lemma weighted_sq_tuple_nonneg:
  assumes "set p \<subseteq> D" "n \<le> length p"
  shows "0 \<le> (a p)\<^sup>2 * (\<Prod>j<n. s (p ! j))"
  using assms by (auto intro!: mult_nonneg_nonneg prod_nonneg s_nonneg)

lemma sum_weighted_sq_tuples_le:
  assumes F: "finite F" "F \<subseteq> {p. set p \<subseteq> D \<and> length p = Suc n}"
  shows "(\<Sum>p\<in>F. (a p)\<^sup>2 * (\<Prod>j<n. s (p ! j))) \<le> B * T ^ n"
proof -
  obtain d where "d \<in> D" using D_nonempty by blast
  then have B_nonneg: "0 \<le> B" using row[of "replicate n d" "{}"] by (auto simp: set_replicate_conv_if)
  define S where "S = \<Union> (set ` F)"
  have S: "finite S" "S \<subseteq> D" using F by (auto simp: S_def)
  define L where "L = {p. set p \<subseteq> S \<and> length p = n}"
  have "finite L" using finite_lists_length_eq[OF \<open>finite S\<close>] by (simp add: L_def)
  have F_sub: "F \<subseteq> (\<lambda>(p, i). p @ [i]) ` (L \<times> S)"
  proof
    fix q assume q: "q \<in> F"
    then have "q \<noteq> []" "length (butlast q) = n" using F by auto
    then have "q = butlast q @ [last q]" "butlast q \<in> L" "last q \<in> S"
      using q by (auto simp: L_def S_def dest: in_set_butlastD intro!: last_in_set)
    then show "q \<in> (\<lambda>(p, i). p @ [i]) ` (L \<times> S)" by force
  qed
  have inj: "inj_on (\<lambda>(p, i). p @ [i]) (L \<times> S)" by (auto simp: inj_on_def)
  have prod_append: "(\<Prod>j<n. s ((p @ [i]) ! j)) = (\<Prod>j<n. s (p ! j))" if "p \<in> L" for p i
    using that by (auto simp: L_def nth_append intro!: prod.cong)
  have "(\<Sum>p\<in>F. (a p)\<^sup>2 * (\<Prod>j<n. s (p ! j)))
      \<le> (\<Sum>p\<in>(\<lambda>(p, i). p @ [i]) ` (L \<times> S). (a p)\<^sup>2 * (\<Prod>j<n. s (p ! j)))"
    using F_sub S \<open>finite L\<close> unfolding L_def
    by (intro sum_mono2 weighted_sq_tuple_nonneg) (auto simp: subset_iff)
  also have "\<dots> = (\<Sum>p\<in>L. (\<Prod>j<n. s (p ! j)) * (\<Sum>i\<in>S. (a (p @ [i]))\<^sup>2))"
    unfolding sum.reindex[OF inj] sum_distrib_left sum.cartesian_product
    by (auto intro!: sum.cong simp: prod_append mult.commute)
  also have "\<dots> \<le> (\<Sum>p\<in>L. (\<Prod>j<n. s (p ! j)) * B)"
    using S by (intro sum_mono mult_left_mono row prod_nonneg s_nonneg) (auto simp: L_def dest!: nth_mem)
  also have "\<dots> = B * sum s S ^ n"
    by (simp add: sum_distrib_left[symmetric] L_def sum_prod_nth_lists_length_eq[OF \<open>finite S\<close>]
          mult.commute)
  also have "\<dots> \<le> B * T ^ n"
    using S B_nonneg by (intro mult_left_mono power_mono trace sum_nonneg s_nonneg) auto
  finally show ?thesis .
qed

----

* _What is being asked_
The entries must all be transcribed exactly.

* _Result_
lemma weighted_sq_tuple_nonneg:
  assumes "set p \<subseteq> D" "n \<le> length p"
  shows "0 \<le> (a p)\<^sup>2 * (\<Prod>j<n. s (p ! j))"
  using assms by (auto intro!: mult_nonneg_nonneg prod_nonneg s_nonneg)

lemma sum_weighted_sq_tuples_le:
  assumes F: "finite F" "F \<subseteq> {p. set p \<subseteq> D \<and> length p = Suc n}"
  shows "(\<Sum>p\<in>F. (a p)\<^sup>2 * (\<Prod>j<n. s (p ! j))) \<le> B * T ^ n"
proof -
  obtain d where "d \<in> D" using D_nonempty by blast
  then have B_nonneg: "0 \<le> B" using row[of "replicate n d" "{}"] by (auto simp: set_replicate_conv_if)
  define S where "S = \<Union> (set ` F)"
  have S: "finite S" "S \<subseteq> D" using F by (auto simp: S_def)
  define L where "L = {p. set p \<subseteq> S \<and> length p = n}"
  have "finite L" using finite_lists_length_eq[OF \<open>finite S\<close>] by (simp add: L_def)
  have F_sub: "F \<subseteq> (\<lambda>(p, i). p @ [i]) ` (L \<times> S)"
  proof
    fix q assume q: "q \<in> F"
    then have "q \<noteq> []" "length (butlast q) = n" using F by auto
    then have "q = butlast q @ [last q]" "butlast q \<in> L" "last q \<in> S"
      using q by (auto simp: L_def S_def dest: in_set_butlastD intro!: last_in_set)
    then show "q \<in> (\<lambda>(p, i). p @ [i]) ` (L \<times> S)" by force
  qed
  have inj: "inj_on (\<lambda>(p, i). p @ [i]) (L \<times> S)" by (auto simp: inj_on_def)
  have prod_append: "(\<Prod>j<n. s ((p @ [i]) ! j)) = (\<Prod>j<n. s (p ! j))" if "p \<in> L" for p i
    using that by (auto simp: L_def nth_append intro!: prod.cong)
  have "(\<Sum>p\<in>F. (a p)\<^sup>2 * (\<Prod>j<n. s (p ! j)))
      \<le> (\<Sum>p\<in>(\<lambda>(p, i). p @ [i]) ` (L \<times> S). (a p)\<^sup>2 * (\<Prod>j<n. s (p ! j)))"
    using F_sub S \<open>finite L\<close> unfolding L_def
    by (intro sum_mono2 weighted_sq_tuple_nonneg) (auto simp: subset_iff)
  also have "\<dots> = (\<Sum>p\<in>L. (\<Prod>j<n. s (p ! j)) * (\<Sum>i\<in>S. (a (p @ [i]))\<^sup>2))"
    unfolding sum.reindex[OF inj] sum_distrib_left sum.cartesian_product
    by (auto intro!: sum.cong simp: prod_append mult.commute)
  also have "\<dots> \<le> (\<Sum>p\<in>L. (\<Prod>j<n. s (p ! j)) * B)"
    using S by (intro sum_mono mult_left_mono row prod_nonneg s_nonneg) (auto simp: L_def dest!: nth_mem)
  also have "\<dots> = B * sum s S ^ n"
    by (simp add: sum_distrib_left[symmetric] L_def sum_prod_nth_lists_length_eq[OF \<open>finite S\<close>]
          mult.commute)
  also have "\<dots> \<le> B * T ^ n"
    using S B_nonneg by (intro mult_left_mono power_mono trace sum_nonneg s_nonneg) auto
  finally show ?thesis .
qed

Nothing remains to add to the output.